INGREDIENTS .. 6 pers

  • 500 g cherries
  • 100 g sugar
  • 100 g flour
  • 1 pinch of salt
  • 3 eggs
  • 250 ml milk

PREPARATION

Wash, dry and remove the stalks of cherries. Don’t pit the cherries! (pitts give more taste). Butter a baking dish and cover in the bottom of cherries. In a bowl, mix the sugar and eggs, add the flour and salt, mix with milk, you get a light batter and as a pancake batter. Pour the mixture over the cherries.

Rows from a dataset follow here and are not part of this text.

(* Let $\zeta\in\mathbb{C}$, $m\ge1$, and let $H_{2m}(w_1,\ldots,w_{2m})$ be the rational function \[ H_{2m}(w_1,\ldots,w_{2m})=\frac{\prod_{i=1}^m\prod_{j=m+1}^{2m}h(w_i,w_j)}{\prod_{1\le i<j\le m}(w_i-w_j)\prod_{m+1\le i<j\le 2m}(w_i-w_j)}\ \det_{1\le i\le m,\ m+1\le j\le 2m}\frac{1}{h(w_i,w_j)}, \] where $h(w,w')=1-(3+\zeta^2)ww'+(1-\zeta^2)ww'(w+w')$. Then $H_{2m}$ is a symmetric function of all $2m$ variables $w_1,\ldots,w_{2m}$ (not only separately symmetric in $\{w_1,\ldots,w_m\}$ and in $\{w_{m+1},\ldots,w_{2m}\}$).
   Context: The determinant is of the $m\times m$ matrix with rows $i=1,\ldots,m$ and columns $j=m+1,\ldots,2m$. *)

theory Defs
  imports "Jordan_Normal_Form.Determinant" "HOL-Combinatorics.Permutations"
begin

definition hfun :: "complex \<Rightarrow> complex \<Rightarrow> complex \<Rightarrow> complex" where
  "hfun \<zeta> w w' = 1 - (3 + \<zeta>^2) * w * w' + (1 - \<zeta>^2) * w * w' * (w + w')"

text \<open>The determinant is of the m x m matrix with rows i = 1..m and columns j = m+1..2m
  (shifted to 0-based matrix indices).\<close>
definition Hfun :: "complex \<Rightarrow> nat \<Rightarrow> (nat \<Rightarrow> complex) \<Rightarrow> complex" where
  "Hfun \<zeta> m w =
     (\<Prod>i\<in>{1..m}. \<Prod>j\<in>{m+1..2*m}. hfun \<zeta> (w i) (w j))
     / ((\<Prod>i\<in>{1..m}. \<Prod>j\<in>{i+1..m}. (w i - w j))
        * (\<Prod>i\<in>{m+1..2*m}. \<Prod>j\<in>{i+1..2*m}. (w i - w j)))
     * det (mat m m (\<lambda>(i, j). 1 / hfun \<zeta> (w (i + 1)) (w (m + j + 1))))"

definition H_defined :: "complex \<Rightarrow> nat \<Rightarrow> (nat \<Rightarrow> complex) \<Rightarrow> bool" where
  "H_defined \<zeta> m w \<longleftrightarrow>
     (\<forall>i\<in>{1..m}. \<forall>j\<in>{m+1..2*m}. hfun \<zeta> (w i) (w j) \<noteq> 0) \<and>
     (\<forall>i\<in>{1..m}. \<forall>j\<in>{1..m}. i \<noteq> j \<longrightarrow> w i \<noteq> w j) \<and>
     (\<forall>i\<in>{m+1..2*m}. \<forall>j\<in>{m+1..2*m}. i \<noteq> j \<longrightarrow> w i \<noteq> w j)"

end

theory Submission
  imports Defs
begin

text \<open>
  Write x_i = w_i (first group), y_j = w_{m+j} (second group) and
  T(a) = (1 + (3+zeta^2) a^2 - (1-zeta^2) a^3) / a. The kernel factors as
  (a - b) h(a,b) = a b (T(b) - T(a)), so 1/h(x_i,y_j) is, up to row and column factors, the
  Cauchy-like entry (y_j - x_i)/(T(y_j) - T(x_i)). A Borchardt-type identity evaluates such
  determinants by a 2m x 2m block Vandermonde determinant, and assembling all factors gives,
  at generic points,
     H * Delta(w) * prod_k w_k = sign * (prod_k w_k)^m * det [T(w_c)^r ; w_c T(w_c)^r],
  where Delta is the Vandermonde product of all 2m variables. The right-hand determinant has one
  column per variable, so both it and Delta change by sign(p) under a permutation p; hence H is
  symmetric at generic points. Generic points are dense along lines and H is continuous where
  it is defined, which gives symmetry everywhere.
\<close>

lemma det_mat_scale:
  fixes A :: "nat \<Rightarrow> nat \<Rightarrow> 'a::comm_ring_1"
  shows "det (mat n n (\<lambda>(i,j). f i * g j * A i j)) =
    (\<Prod>i\<in>{0..<n}. f i) * (\<Prod>j\<in>{0..<n}. g j) * det (mat n n (\<lambda>(i,j). A i j))"
proof -
  have "signof p * (\<Prod>i\<in>{0..<n}. f i * g (p i) * A i (p i)) =
      (\<Prod>i\<in>{0..<n}. f i) * (\<Prod>j\<in>{0..<n}. g j) * (signof p * (\<Prod>i\<in>{0..<n}. A i (p i)))"
    if p: "p permutes {0..<n}" for p
  proof -
    have "(\<Prod>i\<in>{0..<n}. g (p i)) = (\<Prod>j\<in>{0..<n}. g j)"
      using prod.permute[OF p, of g] by (simp add: comp_def)
    thus ?thesis by (simp add: prod.distrib algebra_simps)
  qed
  hence "det (mat n n (\<lambda>(i,j). f i * g j * A i j)) =
      (\<Sum>p\<in>{p. p permutes {0..<n}}. (\<Prod>i\<in>{0..<n}. f i) * (\<Prod>j\<in>{0..<n}. g j) *
        (signof p * (\<Prod>i\<in>{0..<n}. A i (p i))))"
    by (subst det_def'[of _ n]) (auto intro!: sum.cong)
  thus ?thesis by (subst det_def'[of _ n]) (auto simp: sum_distrib_left)
qed
lemma ShM_mneg [simp]:
  assumes "Arr f"
  shows "ShM C (mneg C f) = mneg C (ShM C f)"
proof -
  have "madd C (ShM C f) (ShM C (mneg C f)) = ShM C (madd C f (mneg C f))"
    by (rule ShM_madd[symmetric]) (use assms in auto)
  also have "\<dots> = mzero C (dom (ShM C f)) (cod (ShM C f))" using assms by simp
  finally show ?thesis using mneg_unique assms by simp
qed

lemma comp_reassoc:
  "comp C g f = h \<Longrightarrow> Arr f \<Longrightarrow> Arr g \<Longrightarrow> cod f = dom g \<Longrightarrow> Arr x \<Longrightarrow> cod x = dom f \<Longrightarrow>
   comp C g (comp C f x) = comp C h x"
  using comp_assoc by metis

lemmas comp_simps = comp_assoc[symmetric] comp_madd_right comp_madd_left

lemma isomorphic_obs: "isomorphic C X Y \<Longrightarrow> X \<in> Ob C \<and> Y \<in> Ob C"
  unfolding isomorphic_def is_iso_def using hom_obs by blast

lemma isomorphic_refl: "X \<in> Ob C \<Longrightarrow> isomorphic C X X"
  unfolding isomorphic_def is_iso_def
  by (auto intro!: exI[of _ "idm C X"] bexI[of _ "idm C X"] simp: hom_iff)

lemma isomorphic_sym: "isomorphic C X Y \<Longrightarrow> isomorphic C Y X"
  unfolding isomorphic_def is_iso_def by blast

lemma isomorphic_trans [trans]:
  assumes "isomorphic C X Y" "isomorphic C Y Z"
  shows "isomorphic C X Z"
proof -
  obtain f f' g g' where
    f: "f \<in> Hom C X Y" "f' \<in> Hom C Y X" "comp C f' f = idm C X" "comp C f f' = idm C Y" and
    g: "g \<in> Hom C Y Z" "g' \<in> Hom C Z Y" "comp C g' g = idm C Y" "comp C g g' = idm C Z"
    using assms unfolding isomorphic_def is_iso_def by blast
  have A: "Arr f" "dom f = X" "cod f = Y" "Arr f'" "dom f' = Y" "cod f' = X"
     "Arr g" "dom g = Y" "cod g = Z" "Arr g'" "dom g' = Z" "cod g' = Y" using f g by (auto simp: hom_iff)
  have "comp C (comp C f' g') (comp C g f) = idm C X"
    using A comp_reassoc[OF g(3)] comp_reassoc[OF f(3)] f g by (simp add: comp_simps)
  moreover have "comp C (comp C g f) (comp C f' g') = idm C Z"
    using A comp_reassoc[OF g(4)] comp_reassoc[OF f(4)] f g by (simp add: comp_simps)
  ultimately show ?thesis unfolding isomorphic_def is_iso_def using A
    by (auto intro!: exI[of _ "comp C g f"] bexI[of _ "comp C f' g'"] simp: hom_iff)
qed

subsection \<open>Exact triangles and biproducts\<close>

lemma Tri_is_triangle: "T \<in> Tri C \<Longrightarrow> is_triangle C T"
  using triangulated unfolding triangulated_def by (elim conjE) blast

lemma Tri_iso_closed: "T \<in> Tri C \<Longrightarrow> is_triangle C T' \<Longrightarrow> tri_iso C T T' \<Longrightarrow> T' \<in> Tri C"
  using triangulated unfolding triangulated_def by (elim conjE) blast

lemma Tri_idm_zero: "X \<in> Ob C \<Longrightarrow> zero_object C Z \<Longrightarrow>
   (X, X, Z, idm C X, mzero C X Z, mzero C Z (ShO C X)) \<in> Tri C"
  using triangulated unfolding triangulated_def by (elim conjE) blast

lemma Tri_cone: "f \<in> Hom C X Y \<Longrightarrow> \<exists>Z g h. (X, Y, Z, f, g, h) \<in> Tri C"
  using triangulated unfolding triangulated_def by (elim conjE) blast

lemma Tri_rotate_iff: "is_triangle C (X, Y, Z, f, g, h) \<Longrightarrow>
   (X, Y, Z, f, g, h) \<in> Tri C \<longleftrightarrow> (Y, Z, ShO C X, g, h, mneg C (ShM C f)) \<in> Tri C"
  using triangulated unfolding triangulated_def by (elim conjE) blast

lemma TR3:
  "\<forall>X Y Z f g h X' Y' Z' f' g' h' u v.
     (X, Y, Z, f, g, h) \<in> Tri C \<longrightarrow> (X', Y', Z', f', g', h') \<in> Tri C \<longrightarrow>
     u \<in> Hom C X X' \<longrightarrow> v \<in> Hom C Y Y' \<longrightarrow> comp C v f = comp C f' u \<longrightarrow>
     (\<exists>w. tri_morph C (X, Y, Z, f, g, h) (X', Y', Z', f', g', h') u v w)"
  using triangulated unfolding triangulated_def by (elim conjE)

lemma TR4:
  "\<forall>X Y Z f g Q1 p1 d1 Q2 p2 d2 Q3 p3 d3.
     f \<in> Hom C X Y \<longrightarrow> g \<in> Hom C Y Z \<longrightarrow>
     (X, Y, Q1, f, p1, d1) \<in> Tri C \<longrightarrow> (X, Z, Q2, comp C g f, p2, d2) \<in> Tri C \<longrightarrow>
     (Y, Z, Q3, g, p3, d3) \<in> Tri C \<longrightarrow>
     (\<exists>a b. a \<in> Hom C Q1 Q2 \<and> b \<in> Hom C Q2 Q3 \<and>
        (Q1, Q2, Q3, a, b, comp C (ShM C p1) d3) \<in> Tri C \<and>
        comp C a p1 = comp C p2 g \<and> comp C d2 a = d1 \<and>
        comp C b p2 = p3 \<and> comp C d3 b = comp C (ShM C f) d2)"
  using triangulated unfolding triangulated_def by (elim conjE)

lemma Tri_octahedral:
  "f \<in> Hom C X Y \<Longrightarrow> g \<in> Hom C Y Z \<Longrightarrow>
   (X, Y, Q1, f, p1, d1) \<in> Tri C \<Longrightarrow> (X, Z, Q2, comp C g f, p2, d2) \<in> Tri C \<Longrightarrow>
   (Y, Z, Q3, g, p3, d3) \<in> Tri C \<Longrightarrow> \<exists>a b. (Q1, Q2, Q3, a, b, comp C (ShM C p1) d3) \<in> Tri C"
  using TR4 by blast

lemma Tri_homs:
  "(X, Y, Z, f, g, h) \<in> Tri C \<Longrightarrow> f \<in> Hom C X Y \<and> g \<in> Hom C Y Z \<and> h \<in> Hom C Z (ShO C X)"
  using Tri_is_triangle[of "(X, Y, Z, f, g, h)"] unfolding is_triangle_def by simp

lemma Tri_arrs:
  "(X, Y, Z, f, g, h) \<in> Tri C \<Longrightarrow>
   Arr f \<and> dom f = X \<and> cod f = Y \<and> Arr g \<and> dom g = Y \<and> cod g = Z \<and>
   Arr h \<and> dom h = Z \<and> cod h = ShO C X \<and> X \<in> Ob C \<and> Y \<in> Ob C \<and> Z \<in> Ob C"
  using Tri_homs[of X Y Z f g h] hom_obs[of f X Y] hom_obs[of g Y Z] by (auto simp: hom_iff)

lemma Tri_rotate: "(X, Y, Z, f, g, h) \<in> Tri C \<Longrightarrow> (Y, Z, ShO C X, g, h, mneg C (ShM C f)) \<in> Tri C"
  using Tri_rotate_iff[of X Y Z f g h] Tri_is_triangle[of "(X, Y, Z, f, g, h)"] by blast

lemma Tri_morphism:
  assumes "(X, Y, Z, f, g, h) \<in> Tri C" "(X', Y', Z', f', g', h') \<in> Tri C"
    and "u \<in> Hom C X X'" "v \<in> Hom C Y Y'" "comp C v f = comp C f' u"
  shows "\<exists>w. w \<in> Hom C Z Z' \<and> comp C w g = comp C g' v \<and> comp C (ShM C u) h = comp C h' w"
proof -
  obtain w where "tri_morph C (X, Y, Z, f, g, h) (X', Y', Z', f', g', h') u v w"
    using TR3 assms by blast
  then show ?thesis unfolding tri_morph_def by auto
qed

definition z0 :: 'o where
  "z0 = (SOME z. zero_object C z)"

lemma zero_object_z0: "zero_object C z0"
proof -
  have "\<exists>z. zero_object C z" using additive_C unfolding additive_def by blast
  then show ?thesis unfolding z0_def by (rule someI_ex)
qed

lemma z0_ob [simp]: "z0 \<in> Ob C"
  using zero_object_z0 unfolding zero_object_def by blast

lemma hom_to_zero:
  assumes "zero_object C z" "f \<in> Hom C a z"
  shows "f = mzero C a z"
proof -
  have a: "a \<in> Ob C" "z \<in> Ob C" using assms(2) hom_obs by auto
  then have "\<exists>!f. f \<in> Hom C a z" using assms(1) unfolding zero_object_def by blast
  then show ?thesis using assms(2) mzero_hom[OF a] by blast
qed

lemma Tri_idm: "X \<in> Ob C \<Longrightarrow> (X, X, z0, idm C X, mzero C X z0, mzero C z0 (ShO C X)) \<in> Tri C"
  using Tri_idm_zero zero_object_z0 by blast

lemma Tri_comp_zero:
  assumes t: "(X, Y, Z, f, g, h) \<in> Tri C"
  shows "comp C g f = mzero C X Z"
proof -
  note A = Tri_arrs[OF t]
  have "\<exists>w. w \<in> Hom C z0 Z \<and> comp C w (mzero C X z0) = comp C g f \<and>
      comp C (ShM C (idm C X)) (mzero C z0 (ShO C X)) = comp C h w"
    by (rule Tri_morphism[OF Tri_idm t]) (use A in \<open>auto simp: hom_iff\<close>)
  then obtain w where w: "w \<in> Hom C z0 Z" "comp C w (mzero C X z0) = comp C g f" by blast
  have "comp C w (mzero C X z0) = mzero C X Z" using w A by (auto simp: hom_iff)
  then show ?thesis using w by simp
qed

lemma Tri_hom_exact:
  assumes t: "(A, B, Cc, a, b, c) \<in> Tri C" and m: "m \<in> Hom C W B" and bm: "comp C b m = mzero C W Cc"
  shows "\<exists>q \<in> Hom C W A. m = comp C a q"
proof -
  note At = Tri_arrs[OF t]
  have W: "W \<in> Ob C" using m hom_obs by blast
  have t0: "(W, z0, ShO C W, mzero C W z0, mzero C z0 (ShO C W), mneg C (ShM C (idm C W))) \<in> Tri C"
    using Tri_rotate[OF Tri_idm[OF W]] .
  have t1: "(B, Cc, ShO C A, b, c, mneg C (ShM C a)) \<in> Tri C" using Tri_rotate[OF t] .
  have z: "mzero C z0 Cc \<in> Hom C z0 Cc" using At by (simp add: mzero_hom)
  have e0: "comp C (mzero C z0 Cc) (mzero C W z0) = comp C b m" using bm At W by simp
  \<comment> \<open>TR3 for the rotations of \<open>W \<rightarrow> W \<rightarrow> 0\<close> and of \<open>t\<close>, then undo the shift\<close>
  obtain w where w: "w \<in> Hom C (ShO C W) (ShO C A)"
     "comp C (ShM C m) (mneg C (ShM C (idm C W))) = comp C (mneg C (ShM C a)) w"
    using Tri_morphism[OF t0 t1 m z e0] by blast
  have mA: "Arr m" "dom m = W" "cod m = B" using m by (auto simp: hom_iff)
  have wA: "Arr w" "dom w = ShO C W" "cod w = ShO C A" using w by (auto simp: hom_iff)
  have "mneg C (ShM C m) = mneg C (comp C (ShM C a) w)" using w(2) mA wA At W by simp
  then have e: "ShM C m = comp C (ShM C a) w" using mneg_inj mA wA At by simp
  obtain q where q: "q \<in> Hom C W A" "ShM C q = w" using ShM_surj[OF w(1) W] At by blast
  have qA: "Arr q" "dom q = W" "cod q = A" using q by (auto simp: hom_iff)
  have e2: "ShM C (comp C a q) = ShM C m" using e q qA At by (simp add: ShM_comp)
  have "comp C a q = m" by (rule ShM_inj[OF _ _ _ _ e2]) (use qA At mA in auto)
  then show ?thesis using q by blast
qed

definition biproduct_diagram :: "'o \<Rightarrow> 'o \<Rightarrow> 'o \<Rightarrow> 'm \<Rightarrow> 'm \<Rightarrow> 'm \<Rightarrow> 'm \<Rightarrow> bool" where
  "biproduct_diagram A B S i1 i2 p1 p2 \<longleftrightarrow>
     i1 \<in> Hom C A S \<and> i2 \<in> Hom C B S \<and> p1 \<in> Hom C S A \<and> p2 \<in> Hom C S B \<and>
     comp C p1 i1 = idm C A \<and> comp C p2 i2 = idm C B \<and>
     comp C p2 i1 = mzero C A B \<and> comp C p1 i2 = mzero C B A \<and>
     madd C (comp C i1 p1) (comp C i2 p2) = idm C S"

lemma biproduct_diagramD:
  assumes "biproduct_diagram A B S i1 i2 p1 p2"
  shows "i1 \<in> Hom C A S" "i2 \<in> Hom C B S" "p1 \<in> Hom C S A" "p2 \<in> Hom C S B"
    "comp C p1 i1 = idm C A" "comp C p2 i2 = idm C B"
    "comp C p2 i1 = mzero C A B" "comp C p1 i2 = mzero C B A"
    "madd C (comp C i1 p1) (comp C i2 p2) = idm C S"
  using assms unfolding biproduct_diagram_def by blast+

lemma biproduct_diagram_arrs:
  assumes "biproduct_diagram A B S i1 i2 p1 p2"
  shows "Arr i1" "dom i1 = A" "cod i1 = S" "Arr i2" "dom i2 = B" "cod i2 = S"
    "Arr p1" "dom p1 = S" "cod p1 = A" "Arr p2" "dom p2 = S" "cod p2 = B"
    "A \<in> Ob C" "B \<in> Ob C" "S \<in> Ob C"
  using biproduct_diagramD(1-4)[OF assms] hom_obs by (auto simp: hom_iff)

lemma is_biproduct_iff:
  "is_biproduct C A B S \<longleftrightarrow> (\<exists>i1 i2 p1 p2. biproduct_diagram A B S i1 i2 p1 p2)"
  unfolding is_biproduct_def biproduct_diagram_def using hom_obs by blast

lemma biproductE:
  assumes "is_biproduct C A B S"
  obtains i1 i2 p1 p2 where "biproduct_diagram A B S i1 i2 p1 p2"
  using assms is_biproduct_iff by blast

lemma biproduct_obs: "is_biproduct C A B S \<Longrightarrow> A \<in> Ob C \<and> B \<in> Ob C \<and> S \<in> Ob C"
  unfolding is_biproduct_def by blast

lemma biproduct_diagram_swap:
  assumes "biproduct_diagram A B S i1 i2 p1 p2"
  shows "biproduct_diagram B A S i2 i1 p2 p1"
proof -
  note m = biproduct_diagramD[OF assms] and H = biproduct_diagram_arrs[OF assms]
  have "madd C (comp C i2 p2) (comp C i1 p1) = madd C (comp C i1 p1) (comp C i2 p2)"
    by (rule madd_comm) (use H in auto)
  then show ?thesis unfolding biproduct_diagram_def using m by simp
qed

Bake the clafoutis in a moderate oven for 40 minutes, sprinkle with sugar.
The clafoutis can be served warm or cold.

The real Limousin clafoutis (whose name comes from the word clafi, “completed”, implying “cherry”). The clafoutis or clafouti is a cake made with cherries embedded in the pancake batter. Traditionally, cherries are not pitted. It is a native dessert from Limousin region whose name comes from the Occitan clafotís, clafir the verb which means “complete” (meaning “paste cherries”). The clafoutis is apparently widespread in the nineteenth century. For some, the name of clafouti, regionalism attested in 1864, comes from the crossing of the old French verb claufir, from the Latin “Clavo figere” which means “set with a nail,” and “a derivative Eiz-cum “putting file”.

Clafoutis with not pitted marmots cherries is a specialty of Paray-le-Monial region.

There are variations. The cherries can be replaced with prunes, apples, pears, blackberries, peaches, plums, apricots and other fruits. The most appropriate designation is then that of “flognarde” or “flaugnarde.”